McCamey v. Wright

96 Ark. 477 | Ark. | 1910

Kirby, J.

This is an action by appellant as administratrix for damages for the wrongful death of her son and intestate, Louis Hunley, against Ed Wright, constable, and F. C. Rogers, ■his deputy, it being alleged that such death was caused by the said Rogers unlawfully assaulting and striking said deceased on the head with a pistol.

The answer denied that an assault was committed upon deceased by defendant Rogers. The testimony shows that deceased was on Washington Street in Argenta the night before Christmas, intoxicated to some extent, and that he was arrested bjr F. C. Rogers for being drunk; that at the time he was uninjured, and went with the officer without resistance; that within ten minutes afterwards he was seen on the street, crying, with blood running down on his shoulder, with a pair of handcuffs on, or one handcuff, and complaining, “He -hit me on the head.” Shortly afterwards he was taken up the street, and turned over to Mr. Rogers, who claimed lie had escaped.

There was a bruise on his head, caused by a blunt instrument that fractured his skull, and from which, after suffering great pain, he died about the middle of March afterward. The evidence was contradictory and conflicting to some extent, and the defendant, Rogers, did not testify in the case.

The court refused to give instructions numbered 6 and 7, requested by plaintiff, which are as follows:

“6. You are instructed that if you find from the evidence that the deceased was unhurt and uninjured when taken into custody by defendant Rogers, and was found to be hurt and injured before his trial on the next day, the defendant must show by a preponderance of the evidence how the deceased was hurt.
“7. If you find from the evidence that the deceased, Louis Hunley, was uninjured when he was taken into custody by defendant Frank Rogers, and you further find that he was injured when brought into court the following day in the custody of Frank Rogers, you will find for the plaintiff, unless you find that deceased, Louis Hunley, was injured by some one else not under control of defendants.”

And gave, over plaintiff’s objection, defendant’s instruction:.

“The jury are instructed that, before the plaintiff can recover, they must show by a fair preponderance of the evidence that the injury complained of was ^wrongfully and unlawfully inflicted by defendant Rogers, and that said injury was the natural, proximate cause of the death of the said Hunley; and if they fail in this, your verdict should be for the defendants.”

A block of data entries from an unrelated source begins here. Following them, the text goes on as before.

lemma has_integral_R_neg:
  assumes "x < 0"
  shows "(R_integrand x has_integral R x) {0..1}"
proof -
  define m where "m = sqrt (-x)"
  have "m > 0" and x: "x = - (m^2)" using assms by (auto simp: m_def)
  have pos: "0 < 2*m^2 + 1 - y^2" if "y \<in> {0..1}" for y
  proof -
    have "y^2 \<le> 1" "0 < m^2" using that \<open>m > 0\<close> power_le_one[of y 2] by auto
    then show ?thesis by linarith
  qed
  define G where "G y = m * arctan (2*m*y / (2*m^2 + 1 - y^2))" for y
  have "(G has_real_derivative R_integrand x y) (at y)" if "y \<in> {0..1}" for y
  proof -
    have "(G has_real_derivative m * (inverse (1 + (2*m*y / (2*m^2 + 1 - y^2))^2)
        * ((2*m*(2*m^2 + 1 - y^2) + 2*m*y*(2*y)) / (2*m^2 + 1 - y^2)^2))) (at y)"
      unfolding G_def using pos[OF that]
      by (auto intro!: derivative_eq_intros simp: power2_eq_square)
    moreover have "m * (inverse (1 + (2*m*y / (2*m^2 + 1 - y^2))^2)
        * ((2*m*(2*m^2 + 1 - y^2) + 2*m*y*(2*y)) / (2*m^2 + 1 - y^2)^2))
        = R_integrand x y"
    proof -
      define c where "c = 2*m^2 + 1 - y^2"
      have "c > 0" "c^2 + (2*m*y)^2 > 0"
        using pos[OF that] by (simp_all add: c_def add_pos_nonneg)
      then have "inverse (1 + (2*m*y / c)^2) = c^2 / (c^2 + (2*m*y)^2)"
        by (simp add: field_simps inverse_eq_divide)
      with \<open>c > 0\<close> have "m * (inverse (1 + (2*m*y / c)^2) * ((2*m*c + 2*m*y*(2*y)) / c^2))
          = m * (2*m*c + 2*m*y*(2*y)) / (c^2 + (2*m*y)^2)"
        by simp
      also have "m * (2*m*c + 2*m*y*(2*y)) = 2*x*(2*x-1-y^2)"
        unfolding c_def x by algebra
      also have "c^2 + (2*m*y)^2 = y^4 - 2*y^2 + (2*x-1)^2"
        unfolding c_def x by algebra
      finally show ?thesis
        unfolding c_def R_integrand_def .
    qed
    ultimately show ?thesis by (rule DERIV_cong)
  qed
  then have "(R_integrand x has_integral G 1 - G 0) {0..1}"
    by (intro fundamental_theorem_of_calculus_real) auto
  moreover have "G 1 - G 0 = R x"
  proof -
    have "2 * m * 1 / (2*m^2 + 1 - 1^2) = 1 / m"
      using \<open>m > 0\<close> by (simp add: power2_eq_square)
    moreover have "R x = m * arctan (1 / m)"
      using assms by (simp add: R_def m_def)
    ultimately show ?thesis by (simp add: G_def)
  qed
  ultimately show ?thesis by simp
qed

lemma has_integral_R:
  assumes "x*(1-x) < 0"
  shows "(R_integrand x has_integral R x) {0..1}"
proof -
  have "x > 1 \<or> x < 0"
  proof (rule ccontr)
    assume "\<not> (x > 1 \<or> x < 0)"
    then have "0 \<le> x*(1-x)" by (simp add: not_less)
    with assms show False by simp
  qed
  then show ?thesis using has_integral_R_gt_one has_integral_R_neg by blast
qed

definition hermite_rational_part :: "real \<Rightarrow> real \<Rightarrow> real" where
  "hermite_rational_part x y = 2*x*y *
     (  (32*x^5 - 160*x^4 + 296*x^3 - 276*x^2 + 108*x + 3)
      - (112*x^3 - 292*x^2 + 180*x + 9) * y^2
      + (40*x^3 - 112*x^2 + 72*x + 9) * y^4 - 3 * y^6)
     / (y^4 - 2*y^2 + (2*x-1)^2)^2"

lemma hermite_rational_part_0_1:
  assumes "x*(1-x) \<noteq> 0"
  shows "hermite_rational_part x 1 - hermite_rational_part x 0 = 4*x*(x-3)"
proof -
  have "hermite_rational_part x 1 = 4*x*(x-3) * (4*(x*(1-x)))^2 / (4*(x*(1-x)))^2"
    unfolding hermite_rational_part_def power_one mult_1_right by (rule arg_cong2[where f = "(/)"]; algebra)
  with assms show ?thesis by (simp add: hermite_rational_part_def)
qed

lemma hermite_reduction:
  fixes x y :: real
  defines "A \<equiv> 2*(2*x-1)^2*(2*x-3)" and "B \<equiv> -(4*x^3-16*x^2+7*x+6)"
  assumes "x*(1-x) < 0"
  shows "((\<lambda>y. (1-x) * hermite_rational_part x y) has_real_derivative
      quadratic_geometric_sum (4*A) (A+4*B) B ((1-y^2)^2 / (4*(x*(1-x)))) - 3*(1-x) * R_integrand x y) (at y)"
proof -
  define D where "D y = y^4 - 2*y^2 + (2*x-1)^2" for y
  define N where "N y = 2*x*y *
     (  (32*x^5 - 160*x^4 + 296*x^3 - 276*x^2 + 108*x + 3)
      - (112*x^3 - 292*x^2 + 180*x + 9) * y^2
      + (40*x^3 - 112*x^2 + 72*x + 9) * y^4 - 3 * y^6)" for y
  define N' where "N' = 2*x *
     (  (32*x^5 - 160*x^4 + 296*x^3 - 276*x^2 + 108*x + 3)
      - 3 * (112*x^3 - 292*x^2 + 180*x + 9) * y^2
      + 5 * (40*x^3 - 112*x^2 + 72*x + 9) * y^4 - 21 * y^6)"
  define D' where "D' = 4*y^3 - 4*y"
  define T S where "T = 4*(x*(1-x))" and "S = (1-y^2)^2"
  define E where "E = (1-x) * (N' * D y - 2 * N y * D') / D y ^ 3"
  have "T - S = - D y" unfolding D_def S_def T_def by algebra
  moreover have "S \<ge> 0" "T < 0" using assms(3) by (simp_all add: S_def T_def)
  ultimately have "D y > 0" by simp
  have "(N has_real_derivative N') (at y)"
    unfolding N_def N'_def by (auto intro!: derivative_eq_intros simp: algebra_simps eval_nat_numeral)
  moreover have "(D has_real_derivative D') (at y)"
    unfolding D_def D'_def by (auto intro!: derivative_eq_intros simp: algebra_simps eval_nat_numeral)
  ultimately have "((\<lambda>y. (1-x) * (N y / D y ^ 2)) has_real_derivative E) (at y)"
    using \<open>D y > 0\<close> unfolding E_def
    by (auto intro!: derivative_eq_intros simp: field_simps power2_eq_square power3_eq_cube)
  moreover have "hermite_rational_part x = (\<lambda>y. N y / D y ^ 2)"
    by (simp add: fun_eq_iff hermite_rational_part_def N_def D_def)
  moreover have "quadratic_geometric_sum (4*A) (A+4*B) B (S / T) = E + 3*(1-x) * R_integrand x y"
  proof -
    have "quadratic_geometric_sum (4*A) (A+4*B) B (S / T)
        = T * (4*A*S*(T+S) + (A+4*B)*S*(T-S) + B*(T-S)^2) / (T-S)^3"
      using \<open>T < 0\<close> \<open>T - S = - D y\<close> \<open>D y > 0\<close> by (intro quadratic_geometric_sum_divide) auto
    also have "T * (4*A*S*(T+S) + (A+4*B)*S*(T-S) + B*(T-S)^2)
        = - ((1-x) * (N' * D y - 2 * N y * D') + 3*(1-x) * (2*x*(2*x-1-y^2)) * D y^2)"
      unfolding A_def B_def N_def N'_def D_def D'_def T_def S_def by algebra
    also have "(T-S)^3 = - (D y^3)"
      unfolding \<open>T - S = - D y\<close> by simp
    also have "- ((1-x) * (N' * D y - 2 * N y * D') + 3*(1-x) * (2*x*(2*x-1-y^2)) * D y^2) / - (D y^3)
        = E + 3*(1-x) * R_integrand x y"
      using \<open>D y > 0\<close> unfolding E_def R_integrand_def D_def[symmetric] by (simp add: field_simps) algebra
    finally show ?thesis .
  qed
  ultimately show ?thesis
    unfolding S_def T_def by simp
qed

lemma has_integral_quadratic_geometric_sum:
  fixes x :: real
  defines "A \<equiv> 2*(2*x-1)^2*(2*x-3)" and "B \<equiv> -(4*x^3-16*x^2+7*x+6)"
  assumes "x*(1-x) < 0"
  shows "((\<lambda>y. quadratic_geometric_sum (4*A) (A+4*B) B ((1-y^2)^2 / (4*(x*(1-x)))))
     has_integral (1-x) * (3 * R x + 4*x*(x-3))) {0..1}"
proof -
  have "((\<lambda>y. quadratic_geometric_sum (4*A) (A+4*B) B ((1-y^2)^2 / (4*(x*(1-x)))) - 3*(1-x) * R_integrand x y)
      has_integral (1-x) * hermite_rational_part x 1 - (1-x) * hermite_rational_part x 0) {0..1}"
    using hermite_reduction[OF assms(3)] unfolding A_def B_def
    by (intro fundamental_theorem_of_calculus_real) simp_all
  moreover have "(1-x) * hermite_rational_part x 1 - (1-x) * hermite_rational_part x 0 = (1-x) * (4*x*(x-3))"
    using hermite_rational_part_0_1[of x] assms(3) by (metis less_irrefl right_diff_distrib)
  ultimately have "((\<lambda>y. quadratic_geometric_sum (4*A) (A+4*B) B ((1-y^2)^2 / (4*(x*(1-x)))) - 3*(1-x) * R_integrand x y)
      has_integral (1-x) * (4*x*(x-3))) {0..1}"
    by simp
  from has_integral_add[OF this has_integral_mult_right[OF has_integral_R[OF assms(3)], of "3*(1-x)"]]
  show ?thesis by (simp add: algebra_simps)
qed

lemma sums_R_series:
  fixes x :: real
  assumes "4*x*(1-x) < -1"
  shows "(\<lambda>k. ((2 * (2*x - 1)^2 * (2*x - 3) * real k - (4*x^3 - 16*x^2 + 7*x + 6)) * 4^k)
            / ((x * (1 - x))^k * real ((4*k) choose (2*k))))
     sums ((1 - x) * (3 * R x + 4 * x * (x - 3)))"
proof -
  define A B where "A = 2*(2*x-1)^2*(2*x-3)" and "B = -(4*x^3-16*x^2+7*x+6)"
  define t where "t = x*(1-x)"
  define q where "q y = (1-y^2)^2 / (4*t)" for y :: real
  define r where "r = - 1 / (4*t)"
  define c where "c k = 4*A * real k^2 + (A+4*B) * real k + B" for k :: nat
  have "t < 0" using assms by (simp add: t_def algebra_simps)
  then have "0 \<le> r" "r < 1" using assms by (simp_all add: r_def t_def field_simps)
  have q_bound: "\<bar>q y\<bar> \<le> r" if "y \<in> {0..1}" for y
  proof -
    have "(1-y^2)^2 \<le> 1" using that by (auto simp: power_le_one)
    then show ?thesis
      using \<open>t < 0\<close> divide_right_mono_neg[of "(1-y^2)^2" 1 "4*t"] by (simp add: q_def r_def abs_div)
  qed
  show ?thesis
  proof (rule sums_integral_M_test)
    show "continuous_on {0..1} (\<lambda>y. c k * q y ^ k)" for k
      using \<open>t < 0\<close> by (auto simp: q_def intro!: continuous_intros)
    show "norm (c k * q y ^ k) \<le> \<bar>c k * r ^ k\<bar>" if "y \<in> {0..1}" for k y
      using q_bound[OF that] \<open>0 \<le> r\<close> by (simp add: abs_mult power_abs mult_left_mono power_mono)
    show "summable (\<lambda>k. \<bar>c k * r ^ k\<bar>)"
      unfolding c_def using \<open>0 \<le> r\<close> \<open>r < 1\<close> by (intro summable_abs_quadratic_geometric) simp
    show "((\<lambda>y. c k * q y ^ k) has_integral
        ((2 * (2*x - 1)^2 * (2*x - 3) * real k - (4*x^3 - 16*x^2 + 7*x + 6)) * 4^k)
          / ((x * (1 - x))^k * real ((4*k) choose (2*k)))) {0..1}" for k
    proof -
      have "c k = (A * real k + B) * (4 * real k + 1)"
        by (simp add: c_def algebra_simps power2_eq_square)
      moreover have "2 * (2*x - 1)^2 * (2*x - 3) * real k - (4*x^3 - 16*x^2 + 7*x + 6) = A * real k + B"
        by (simp add: A_def B_def)
      ultimately show ?thesis
        using has_integral_mult_right[OF has_integral_inverse_central_binomial[of k t], of "A * real k + B"]
        by (simp only: q_def t_def mult.assoc times_divide_eq_right)
    qed
    show "(\<lambda>k. c k * q y ^ k) sums quadratic_geometric_sum (4*A) (A+4*B) B (q y)" if "y \<in> {0..1}" for y
      unfolding c_def using q_bound[OF that] \<open>r < 1\<close> by (intro sums_quadratic_geometric) simp
    show "((\<lambda>y. quadratic_geometric_sum (4*A) (A+4*B) B (q y)) has_integral (1-x) * (3 * R x + 4*x*(x-3))) {0..1}"
      using has_integral_quadratic_geometric_sum[of x] \<open>t < 0\<close> unfolding A_def B_def q_def t_def by simp
  qed
qed

lemma four_x_one_minus_x_less:
  fixes x :: real
  assumes "x > (1 + sqrt 2) / 2 \<or> x < (1 - sqrt 2) / 2"
  shows "4*x*(1-x) < -1"
proof -
  have "sqrt 2 < \<bar>2*x - 1\<bar>" using assms by auto
  then have "sqrt 2 < sqrt ((2*x - 1)^2)" by simp
  then have "2 < (2*x - 1)^2" by (simp only: real_sqrt_less_iff)
  moreover have "4*x*(1-x) = 1 - (2*x - 1)^2" by algebra
  ultimately show ?thesis by simp
qed

lemma sums_R_series_reflected:
  fixes x :: real
  assumes "4*x*(1-x) < -1"
  shows "(\<lambda>k. ((2 * (2*x - 1)^2 * (2*x + 1) * real k - (4*x^3 + 4*x^2 - 13*x - 1)) * 4^k)
            / ((x * (1 - x))^k * real ((4*k) choose (2*k))))
     sums (- x * (3 * R (1 - x) + 4 * (x - 1) * (x + 2)))"
proof -
  have "4*(1-x)*(1-(1-x)) < -1" using assms by (simp add: algebra_simps)
  note sums_minus[OF sums_R_series[OF this]]
  moreover have "- (((2 * (2*(1-x) - 1)^2 * (2*(1-x) - 3) * real k - (4*(1-x)^3 - 16*(1-x)^2 + 7*(1-x) + 6)) * 4^k)
      / (((1-x) * (1 - (1-x)))^k * real ((4*k) choose (2*k))))
    = ((2 * (2*x - 1)^2 * (2*x + 1) * real k - (4*x^3 + 4*x^2 - 13*x - 1)) * 4^k)
      / ((x * (1 - x))^k * real ((4*k) choose (2*k)))" for k
  proof -
    have "- (2 * (2*(1-x) - 1)^2 * (2*(1-x) - 3) * real k - (4*(1-x)^3 - 16*(1-x)^2 + 7*(1-x) + 6))
        = 2 * (2*x - 1)^2 * (2*x + 1) * real k - (4*x^3 + 4*x^2 - 13*x - 1)"
      by algebra
    moreover have "(1-x) * (1 - (1-x)) = x * (1-x)" by simp
    ultimately show ?thesis by (simp only: minus_divide_left mult_minus_left[symmetric])
  qed
  moreover have "- ((1 - (1-x)) * (3 * R (1-x) + 4 * (1-x) * ((1-x) - 3)))
      = - x * (3 * R (1 - x) + 4 * (x - 1) * (x + 2))"
    by algebra
  ultimately show ?thesis by (simp only:)
qed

The jury returned a verdict for the defendants, and plaintiff appealed.

There was no error in giving the instruction asked on the part of the defense. It was approved by this court in this cause on a former appeal.*

“The presumption is always in favor of the correct ■ performance of his duty by an officer, and every reasonable intendment will be made in support of such presumption. So it will always be presumed that in any official act or act purporting to be official the officer has not exceeded his authority; and, if he had power to act only in a certain contingency, that the contingency has happened, etc.” Throop on Public Officers, § 568; Mechem, Public Officers, § 579.

Instruction number 6, refused, asked the court to declare that it was the defendant’s duty to show by a preponderance of testimony how the deceased was injured if he was unhurt when taken into custody by him and found to be injured before his trial next day, without regard to whether or not deceased was shown to have been in his exclusive custody during all the time. And the effect of number 7 was to conclusively presume that deceased was injured by the defendant if he was unhurt when arrested and injured when brought into court the following day in his custody, unless the jury should find that deceased was injured by some one else not under control of defendant.

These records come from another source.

definition is_prime_ideal_in :: "'a::comm_ring_1 set \<Rightarrow> 'a set \<Rightarrow> bool" where
  "is_prime_ideal_in R I \<longleftrightarrow> is_ideal_in R I \<and> 1 \<notin> I \<and>
     (\<forall>a\<in>R. \<forall>b\<in>R. a * b \<in> I \<longrightarrow> a \<in> I \<or> b \<in> I)"

definition prime_diff_ideal :: "nat \<Rightarrow> nat \<Rightarrow> (nat \<Rightarrow> 'k::comm_ring_1 \<Rightarrow> 'k) \<Rightarrow> 'k dpoly set \<Rightarrow> bool" where
  "prime_diff_ideal n m D P \<longleftrightarrow> is_prime_ideal_in (Kx n m) P \<and>
     (\<forall>k<m. \<forall>p\<in>P. deriv_poly D k p \<in> P)"

definition gen_ideal :: "'a::comm_ring_1 set \<Rightarrow> 'a set \<Rightarrow> 'a set" where
  "gen_ideal R S = {sum_list (map (\<lambda>(a, g). a * g) ps) | ps. \<forall>(a, g)\<in>set ps. a \<in> R \<and> g \<in> S}"

definition saturation :: "'a::comm_ring_1 set \<Rightarrow> 'a set \<Rightarrow> 'a \<Rightarrow> 'a set" where
  "saturation R I h = {f\<in>R. \<exists>l::nat. h ^ l * f \<in> I}"

definition prolong :: "nat \<Rightarrow> nat \<Rightarrow> (nat \<Rightarrow> 'k::comm_ring_1 \<Rightarrow> 'k) \<Rightarrow> nat \<Rightarrow> 'k dpoly set \<Rightarrow> 'k dpoly set" where
  "prolong n m D r \<Lambda> = {dpow D \<xi> f | \<xi> f. f \<in> \<Lambda> \<and> length \<xi> = m \<and> dpow D \<xi> f \<in> Kx_le n m r}"

definition H_of :: "'k::comm_ring_1 dpoly set \<Rightarrow> 'k dpoly" where
  "H_of \<Lambda> = (\<Prod>f\<in>\<Lambda>. initial f * separant f)"

end

theory Submission
  imports Defs
begin

text \<open>
  The saturation lies in P because the prolongations \<Lambda>^(r) lie in P while H_\<Lambda> does not:
  initials and separants of \<Lambda> are nonzero and reduced with respect to \<Lambda>, and a nonzero
  element of P reduced with respect to \<Lambda> could be appended to an initial segment of \<Lambda> to
  give a lower autoreduced subset of P.

  Conversely, g \<in> P \<inter> K{x}_{\<le>r} is pseudo-reduced inside K{x}_{\<le>r}. Let w be the highest
  variable of g that is either a proper derivative \<delta>^\<xi> v_f of a leader or a leader v_f
  occurring in degree at least d_f. The reducer h = \<delta>^\<xi> f = S_f w + (lower terms), resp.
  h = f = I_f w^{d_f} + (lower terms), has order at most that of w, hence at most r, and
  cancelling the top power of w in S_f g, resp. I_f g, lowers the degree in w without raising
  the degree in any higher variable. Iterating ends with an element of P reduced with respect
  to \<Lambda>, which is 0, so some power of H_\<Lambda> times g lies in (\<Lambda>^(r)).
\<close>

section \<open>The ranking\<close>

lemma lex_iff_nth:
  "(xs, ys) \<in> lex r \<longleftrightarrow>
    length xs = length ys \<and> (\<exists>i<length xs. (\<forall>j<i. xs ! j = ys ! j) \<and> (xs ! i, ys ! i) \<in> r)"
proof
  assume "(xs, ys) \<in> lex r"
  then obtain i where "i < length xs" "take i xs = take i ys" "(xs ! i, ys ! i) \<in> r"
    by (rule lex_take_index)
  moreover have "length xs = length ys"
    using \<open>(xs, ys) \<in> lex r\<close> by (simp add: lex_conv)
  ultimately show "length xs = length ys \<and> (\<exists>i<length xs. (\<forall>j<i. xs ! j = ys ! j) \<and> (xs ! i, ys ! i) \<in> r)"
    by (metis nth_take)
next
  assume "length xs = length ys \<and> (\<exists>i<length xs. (\<forall>j<i. xs ! j = ys ! j) \<and> (xs ! i, ys ! i) \<in> r)"
  then obtain i where len: "length xs = length ys" and i: "i < length xs"
    and prefix: "\<forall>j<i. xs ! j = ys ! j" and r: "(xs ! i, ys ! i) \<in> r"
    by blast
  have "take i xs = take i ys"
    using i len prefix by (intro nth_equalityI) auto
  moreover have "(xs ! i # drop (Suc i) xs, ys ! i # drop (Suc i) ys) \<in> lex r"
    using r len by simp
  ultimately have "(take i xs @ xs ! i # drop (Suc i) xs, take i ys @ ys ! i # drop (Suc i) ys) \<in> lex r"
    by (simp add: lex_append_leftI)
  then show "(xs, ys) \<in> lex r"
    using i len by (simp add: id_take_nth_drop[symmetric])
qed

lemma var_less_irrefl: "\<not> var_less v v"
  by (auto simp: var_less_def lex_iff_nth)

lemma var_less_trans: "var_less u v \<Longrightarrow> var_less v w \<Longrightarrow> var_less u w"
proof -
  have "trans (lex {(a, b). (a::nat) < b})"
    by (rule lex_transI) (auto simp: trans_def)
  then show "var_less u v \<Longrightarrow> var_less v w \<Longrightarrow> var_less u w"
    unfolding var_less_def by (auto dest: transD)
qed

lemma var_less_asym: "var_less v w \<Longrightarrow> \<not> var_less w v"
  using var_less_irrefl var_less_trans by blast

lemma var_less_linear:
  assumes "length (snd v) = length (snd w)" "v \<noteq> w"
  shows "var_less v w \<or> var_less w v"
proof (cases "snd v = snd w")
  case True
  then have "fst v \<noteq> fst w"
    using assms(2) prod_eqI by blast
  then show ?thesis
    using True by (auto simp: var_less_def)
next
  case False
  have "total (lenlex {(a, b). (a::nat) < b})"
    by (rule total_lenlex) (auto simp: total_on_def)
  then have "(snd v, snd w) \<in> lenlex {(a, b). a < b} \<or> (snd w, snd v) \<in> lenlex {(a, b). a < b}"
    using False unfolding total_on_def by blast
  then have "(snd v, snd w) \<in> lex {(a, b). a < b} \<or> (snd w, snd v) \<in> lex {(a, b). a < b}"
    using assms(1) by (auto simp: lenlex_conv)
  then show ?thesis
    unfolding var_less_def by auto
qed

lemma sum_list_shift [simp]:
  "k < length xs \<Longrightarrow> sum_list ((xs::nat list)[k := Suc (xs ! k)]) = Suc (sum_list xs)"
  by (simp add: sum_list_update elem_le_sum_list)

lemma fst_shift_var [simp]: "fst (shift_var k v) = fst v"
  by (simp add: shift_var_def)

These instructions seek to overturn the long-established presumption of law that every officer has discharged his duty, and change the rule of evidence as to the burden of proof, which was correctly given to the jury by the court in defendant’s instruction objected to. Neither of them was a correct statement of the law, and both were properly refused. The jury might well have found for the plaintiff, but the evidence was contradictory and -conflicting to some extent, and it was their province, under the instructions given by the court, to find whether or not deceased had been assaulted and injured by the defendant. Their verdict, being for the defendant and not without evidence to sustain it, will not be disturbed by this court.

Affirmed.

The opinion in McCamey v. Wright, handed down on May 17, 1909, was omitted from 90 Arkansas Reports by order of the Chief Justice. — (Rep.)